Now I glance over at Jenny. She’s made herself a drink, a martini, and she’s got one of the black olives that looks like an ogre’s eye in between her lips and she’s puffing through the seed hole. “Everyone has needs,” Jenny says, shifting in her chair, scooting closer. “Especially men. I know because I used to be a masseuse.”
She gets up, I guess to show me her massage skills, and doesn’t bother stopping when my wife presses her face flat against the window, looking at Jenny and I, but not really comprehending.
Jenny gives her a wave and my wife giggles through the glass and I say, “That’s enough.”

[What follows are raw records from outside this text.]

lemma subgroup_diag_subgroup: "subgroup (diag_subgroup a b) G"
  unfolding diag_subgroup_def using diag_lam_in_GL2 by (intro GL2.generate_is_subgroup) auto

lemma diag_subgroup_subset: "diag_subgroup a b \<subseteq> carrier G"
  using subgroup_diag_subgroup subgroup.subset by blast

lemma card_diag_subgroup: "\<not> (p dvd a \<and> p dvd b) \<Longrightarrow> card (diag_subgroup a b) = p"
  using GL2.generate_pow_card[OF diag_lam_in_GL2] ord_diag_lam by (simp add: diag_subgroup_def)

lemma diag_subgroup_cong: "[a = a'] (mod p) \<Longrightarrow> [b = b'] (mod p) \<Longrightarrow> diag_subgroup a b = diag_subgroup a' b'"
  unfolding diag_subgroup_def using diag_lam_eq_iff by metis

lemma diag_subgroup_scale:
  assumes "\<not> (p dvd a \<and> p dvd b)" and "\<not> p dvd c"
  shows "diag_subgroup (a * c) (b * c) = diag_subgroup a b"
proof -
  have "\<not> (p dvd a * c \<and> p dvd b * c)"
    using assms prime_p by (auto simp: prime_dvd_mult_iff)
  moreover have "diag_subgroup (a * c) (b * c) \<subseteq> diag_subgroup a b"
    by (auto simp: diag_subgroup_eq mult.assoc)
  ultimately show ?thesis
    using assms(1) card_diag_subgroup finite_subset[OF diag_subgroup_subset finite_GL2]
    by (metis card_subset_eq)
qed

lemma conj_swap_diag_subgroup: "conj_elem G mat2_swap ` diag_subgroup a b = diag_subgroup b a"
  using lam_pow_bounds
  by (auto simp: diag_subgroup_eq image_iff diag_lam_def conj_swap_mat2_diag less_imp_le)

lemma conj_subgroups_swap_diag_subgroup: "conj_subgroups G (diag_subgroup a b) (diag_subgroup b a)"
  using mat2_swap_in_GL2 conj_swap_diag_subgroup[of a b, symmetric]
  unfolding conj_subgroups_iff_conj_elem by blast

lemma conj_diag_lam_of_pow_eq_one:
  assumes "g \<in> carrier G" and "g [^]\<^bsub>G\<^esub> p = \<one>\<^bsub>G\<^esub>"
  obtains P a b where "P \<in> carrier G" and "conj_elem G P g = diag_lam a b"
proof -
  obtain P m1 m2 where P: "P \<in> carrier G" and m: "0 < m1" "m1 < Q" "0 < m2" "m2 < Q"
    and Pg: "conj_elem G P g = mat2_diag m1 m2"
    using conj_diag_of_pow_eq_one assms by blast
  have "mat2_diag m1 m2 [^]\<^bsub>G\<^esub> p = \<one>\<^bsub>G\<^esub>"
    using GL2.conj_elem_pow[OF P assms(1), of p] assms(2) P Pg by simp
  then have "mat2_diag (m1 ^ p mod Q) (m2 ^ p mod Q) = (1, 0, 0, 1)"
    using mat2_diag_pow[of m1 m2 p] m by (simp add: GL2_one)
  then have "m1 ^ p mod Q = 1" "m2 ^ p mod Q = 1"
    by (simp_all add: mat2_diag_def)
  then obtain a b where "m1 = lam_pow a" "m2 = lam_pow b"
    using root_of_unity_eq_lam_pow m by metis
  then show ?thesis
    using that P Pg by (simp add: diag_lam_def)
qed

lemma subgroup_order_p_conj_diag_subgroup:
  assumes "subgroup H G" and "card H = p"
  obtains a b where "\<not> (p dvd a \<and> p dvd b)" and "conj_subgroups G H (diag_subgroup a b)"
proof -
  have "\<not> H \<subseteq> {\<one>\<^bsub>G\<^esub>}"
    using card_mono[of "{\<one>\<^bsub>G\<^esub>}" H] assms(2) p_gt_2 by auto
  then obtain g where "g \<in> H" "g \<noteq> \<one>\<^bsub>G\<^esub>"
    by blast
  have g: "g \<in> carrier G"
    using subgroup.mem_carrier[OF assms(1) \<open>g \<in> H\<close>] .
  have H: "H = generate G {g}"
    using GL2.subgroup_prime_card_generate[OF assms(1) _ \<open>g \<in> H\<close> \<open>g \<noteq> \<one>\<^bsub>G\<^esub>\<close>] assms(2) prime_p
    by simp
  then have "g [^]\<^bsub>G\<^esub> p = \<one>\<^bsub>G\<^esub>"
    using GL2.generate_pow_card[OF g] GL2.pow_ord_eq_1[OF g] assms(2) by simp
  then obtain P a b where P: "P \<in> carrier G" and Pg: "conj_elem G P g = diag_lam a b"
    using conj_diag_lam_of_pow_eq_one g by blast
  have "\<not> (p dvd a \<and> p dvd b)"
  proof
    assume "p dvd a \<and> p dvd b"
    then have "conj_elem G P g = \<one>\<^bsub>G\<^esub>"
      using diag_lam_eq_iff[of a b 0 0] by (simp add: Pg cong_0_iff diag_lam_0_0)
    then show False
      using \<open>g \<noteq> \<one>\<^bsub>G\<^esub>\<close> GL2.conj_elem_inv_cancel[OF P g] P by simp
  qed
  moreover have "conj_elem G P ` H = diag_subgroup a b"
    using GL2.conj_elem_image_generate[OF finite_GL2 P g] by (simp add: H Pg diag_subgroup_def)
  ultimately show ?thesis
    using that[of a b] P unfolding conj_subgroups_iff_conj_elem by blast
qed

lemma conj_diag_subgroup_exponents:
  assumes "conj_subgroups G (diag_subgroup a b) (diag_subgroup a' b')"
  obtains k where "[a = a' * k] (mod p) \<and> [b = b' * k] (mod p) \<or> [a = b' * k] (mod p) \<and> [b = a' * k] (mod p)"
proof -
  obtain P where P: "P \<in> carrier G" and "diag_subgroup a' b' = conj_elem G P ` diag_subgroup a b"
    using assms by (auto simp: conj_subgroups_iff_conj_elem)
  moreover have "diag_lam a b \<in> diag_subgroup a b"
    unfolding diag_subgroup_eq by (rule range_eqI[of _ _ 1]) simp
  ultimately have "conj_elem G P (diag_lam a b) \<in> diag_subgroup a' b'"
    by blast
  then obtain k where k: "conj_elem G P (diag_lam a b) = diag_lam (a' * k) (b' * k)"
    by (auto simp: diag_subgroup_eq)
  have sum: "[lam_pow a + lam_pow b = lam_pow (a' * k) + lam_pow (b' * k)] (mod Q)"
    using mat2_trace_conj_elem_mod[OF P diag_lam_in_GL2, of a b] unfolding k
    by (simp add: cong_def diag_lam_def mat2_diag_def mat2_trace_def)
  have prod: "[lam_pow a * lam_pow b = lam_pow (a' * k) * lam_pow (b' * k)] (mod Q)"
    using mat2_det_conj_elem_mod[OF P diag_lam_in_GL2, of a b] unfolding k
    by (simp add: cong_def diag_lam_def mat2_diag_def)
  have "lam_pow a = lam_pow (a' * k) \<and> lam_pow b = lam_pow (b' * k) \<or>
      lam_pow a = lam_pow (b' * k) \<and> lam_pow b = lam_pow (a' * k)"
    using cong_sum_prod_prime_int[OF _ sum prod] prime_q by (simp add: cong_def)
  then show ?thesis
    using that by (auto simp: lam_pow_eq_iff)
qed

lemma diag_subgroup_eq_0_1:
  assumes "p dvd a" and "\<not> p dvd b"
  shows "diag_subgroup a b = diag_subgroup 0 1"
proof -
  have "diag_subgroup a b = diag_subgroup (0 * b) (1 * b)"
    using assms(1) by (intro diag_subgroup_cong) (simp_all add: cong_0_iff)
  also have "\<dots> = diag_subgroup 0 1"
    using assms(2) p_gt_2 by (intro diag_subgroup_scale) auto
  finally show ?thesis .
qed

lemma diag_subgroup_eq_1:
  assumes "\<not> p dvd a" and "\<not> p dvd b"
  obtains k where "\<not> p dvd k" and "diag_subgroup a b = diag_subgroup 1 k"
proof -
  have "coprime a p"
    using assms(1) prime_p prime_imp_coprime[of p a] by (simp add: coprime_commute)
  then obtain a' where a': "[a * a' = 1] (mod p)"
    using cong_solve_coprime_nat by fastforce
  then have "\<not> p dvd a'"
    using p_gt_2 by (auto simp: cong_def)
  then have k: "\<not> p dvd b * a'"
    using assms(2) prime_p by (simp add: prime_dvd_mult_iff)
  have "[b * 1 = b * a' * a] (mod p)"
    using cong_scalar_left[OF a', of b] by (simp add: cong_sym_eq ac_simps)
  then have "diag_subgroup a b = diag_subgroup (1 * a) (b * a' * a)"
    by (intro diag_subgroup_cong) simp_all
  also have "\<dots> = diag_subgroup 1 (b * a')"
    using assms(1) by (intro diag_subgroup_scale) auto
  finally show ?thesis
    using that k by blast
qed

lemma conj_diag_subgroup_1_rep:
  assumes "inv_pair_reps p S" and "\<not> p dvd k"
  obtains l where "l \<in> {1, p - 1} \<union> S" and "conj_subgroups G (diag_subgroup 1 k) (diag_subgroup 1 l)"
proof -
  define k' where "k' = k mod p"
  have D: "diag_subgroup 1 k = diag_subgroup 1 k'"
    by (intro diag_subgroup_cong) (simp_all add: k'_def cong_def)
  have "0 < k'" "k' < p"
    using assms(2) p_gt_2 by (simp_all add: k'_def mod_greater_zero_iff_not_dvd)
  have refl: "conj_subgroups G (diag_subgroup 1 k) (diag_subgroup 1 k)"
    by (rule GL2.conj_subgroups_refl[OF diag_subgroup_subset])
  show ?thesis
  proof (cases "k' \<in> {1, p - 1}")
    case True
    then show ?thesis
      using that[of k'] refl D by auto
  next
    case False
    then have "k' \<in> {2..p-2}"
      using \<open>0 < k'\<close> \<open>k' < p\<close> by auto
    then obtain l where "l \<in> S" and l: "k' = l \<or> [k' * l = 1] (mod p)"
      using assms(1) unfolding inv_pair_reps_def by blast
    show ?thesis
    proof (cases "k' = l")
      case True
      then show ?thesis
        using that[of l] \<open>l \<in> S\<close> refl D by auto
    next
      case False
      then have "[1 = l * k'] (mod p)"
        using l by (simp add: cong_sym_eq mult.commute)
      then have "diag_subgroup k' 1 = diag_subgroup (1 * k') (l * k')"
        by (intro diag_subgroup_cong) simp_all
      also have "\<dots> = diag_subgroup 1 l"
        using \<open>0 < k'\<close> \<open>k' < p\<close> p_gt_2 by (intro diag_subgroup_scale) (auto dest: dvd_imp_le)
      finally show ?thesis
        using that[of l] \<open>l \<in> S\<close> conj_subgroups_swap_diag_subgroup[of 1 k'] D by auto
    qed
  qed
qed

definition rep_subgroups :: "nat set \<Rightarrow> mat2 set set" where
  "rep_subgroups S = (\<lambda>(a, b). diag_subgroup a b) ` rep_exponents p S"

lemma rep_exponents_nontrivial: "(a, b) \<in> rep_exponents p S \<Longrightarrow> \<not> (p dvd a \<and> p dvd b)"
  using p_gt_2 by (auto simp: rep_exponents_def)

lemma diag_subgroup_in_rep_subgroups:
  "(a, b) \<in> rep_exponents p S \<Longrightarrow> diag_subgroup a b \<in> rep_subgroups S"
  unfolding rep_subgroups_def by (rule image_eqI[of _ _ "(a, b)"]) simp_all

lemma conj_diag_subgroup_rep:
  assumes "inv_pair_reps p S" and "\<not> (p dvd a \<and> p dvd b)"
  obtains a' b' where "(a', b') \<in> rep_exponents p S"
    and "conj_subgroups G (diag_subgroup a b) (diag_subgroup a' b')"
proof -
  have zero_one: "(0, 1) \<in> rep_exponents p S"
    by (simp add: rep_exponents_def)
  consider "p dvd a" | "p dvd b" | "\<not> p dvd a" "\<not> p dvd b"
    by blast
  then show ?thesis
  proof cases
    case 1
    then have "diag_subgroup a b = diag_subgroup 0 1"
      using assms(2) diag_subgroup_eq_0_1 by blast
    then show ?thesis
      using that[OF zero_one] GL2.conj_subgroups_refl[OF diag_subgroup_subset] by simp
  next
    case 2
    then have "diag_subgroup b a = diag_subgroup 0 1"
      using assms(2) diag_subgroup_eq_0_1 by blast
    then show ?thesis
      using that[OF zero_one] conj_subgroups_swap_diag_subgroup[of a b] by simp
  next
    case 3
    then obtain k where "\<not> p dvd k" and k: "diag_subgroup a b = diag_subgroup 1 k"
      using diag_subgroup_eq_1 by blast
    obtain l where "l \<in> {1, p - 1} \<union> S" "conj_subgroups G (diag_subgroup 1 k) (diag_subgroup 1 l)"
      using conj_diag_subgroup_1_rep[OF assms(1) \<open>\<not> p dvd k\<close>] .
    moreover have "(1, l) \<in> rep_exponents p S"
      using \<open>l \<in> {1, p - 1} \<union> S\<close> unfolding rep_exponents_eq by blast
    ultimately show ?thesis
      using that k by simp
  qed
qed

lemma rep_subgroups_complete:
  assumes "inv_pair_reps p S" and "subgroup H G" and "card H = p"
  shows "\<exists>K\<in>rep_subgroups S. conj_subgroups G H K"
proof -
  obtain a b where "\<not> (p dvd a \<and> p dvd b)" and "conj_subgroups G H (diag_subgroup a b)"
    using subgroup_order_p_conj_diag_subgroup[OF assms(2,3)] .
  moreover obtain a' b' where "(a', b') \<in> rep_exponents p S"
    and "conj_subgroups G (diag_subgroup a b) (diag_subgroup a' b')"
    using conj_diag_subgroup_rep[OF assms(1) \<open>\<not> (p dvd a \<and> p dvd b)\<close>] .
  moreover have "H \<subseteq> carrier G"
    using assms(2) subgroup.subset by blast
  ultimately show ?thesis
    using diag_subgroup_in_rep_subgroups GL2.conj_subgroups_trans by blast
qed

lemma rep_subgroups_conj_eq:
  assumes "inv_pair_reps p S" and "(a, b) \<in> rep_exponents p S" and "(a', b') \<in> rep_exponents p S"
    and "conj_subgroups G (diag_subgroup a b) (diag_subgroup a' b')"
  shows "(a, b) = (a', b')"
proof -
  obtain k where "[a = a' * k] (mod p) \<and> [b = b' * k] (mod p) \<or> [a = b' * k] (mod p) \<and> [b = a' * k] (mod p)"
    using conj_diag_subgroup_exponents[OF assms(4)] .
  then show ?thesis
    by (rule rep_exponents_inequivalent[OF prime_p p_gt_2 assms(1-3)])
qed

After I’ve sent Jenny home, I make my wife come sit with me on the sofa. She looks wild yet defeated, like an ostrich with its leg caught in a bear trap.
I take up a position behind her, kneading her skin along the shoulders. Her muscles are hard but I’m careful not to overdo the pressure. I use my thumbs and knuckles. I scissor soft karate chops across her blades and work her neck. When she moans a little, I get another flashback of a different time. I ask if she likes it, if I’m doing it right, and she says, “This is perfect. Please don’t ever stop.”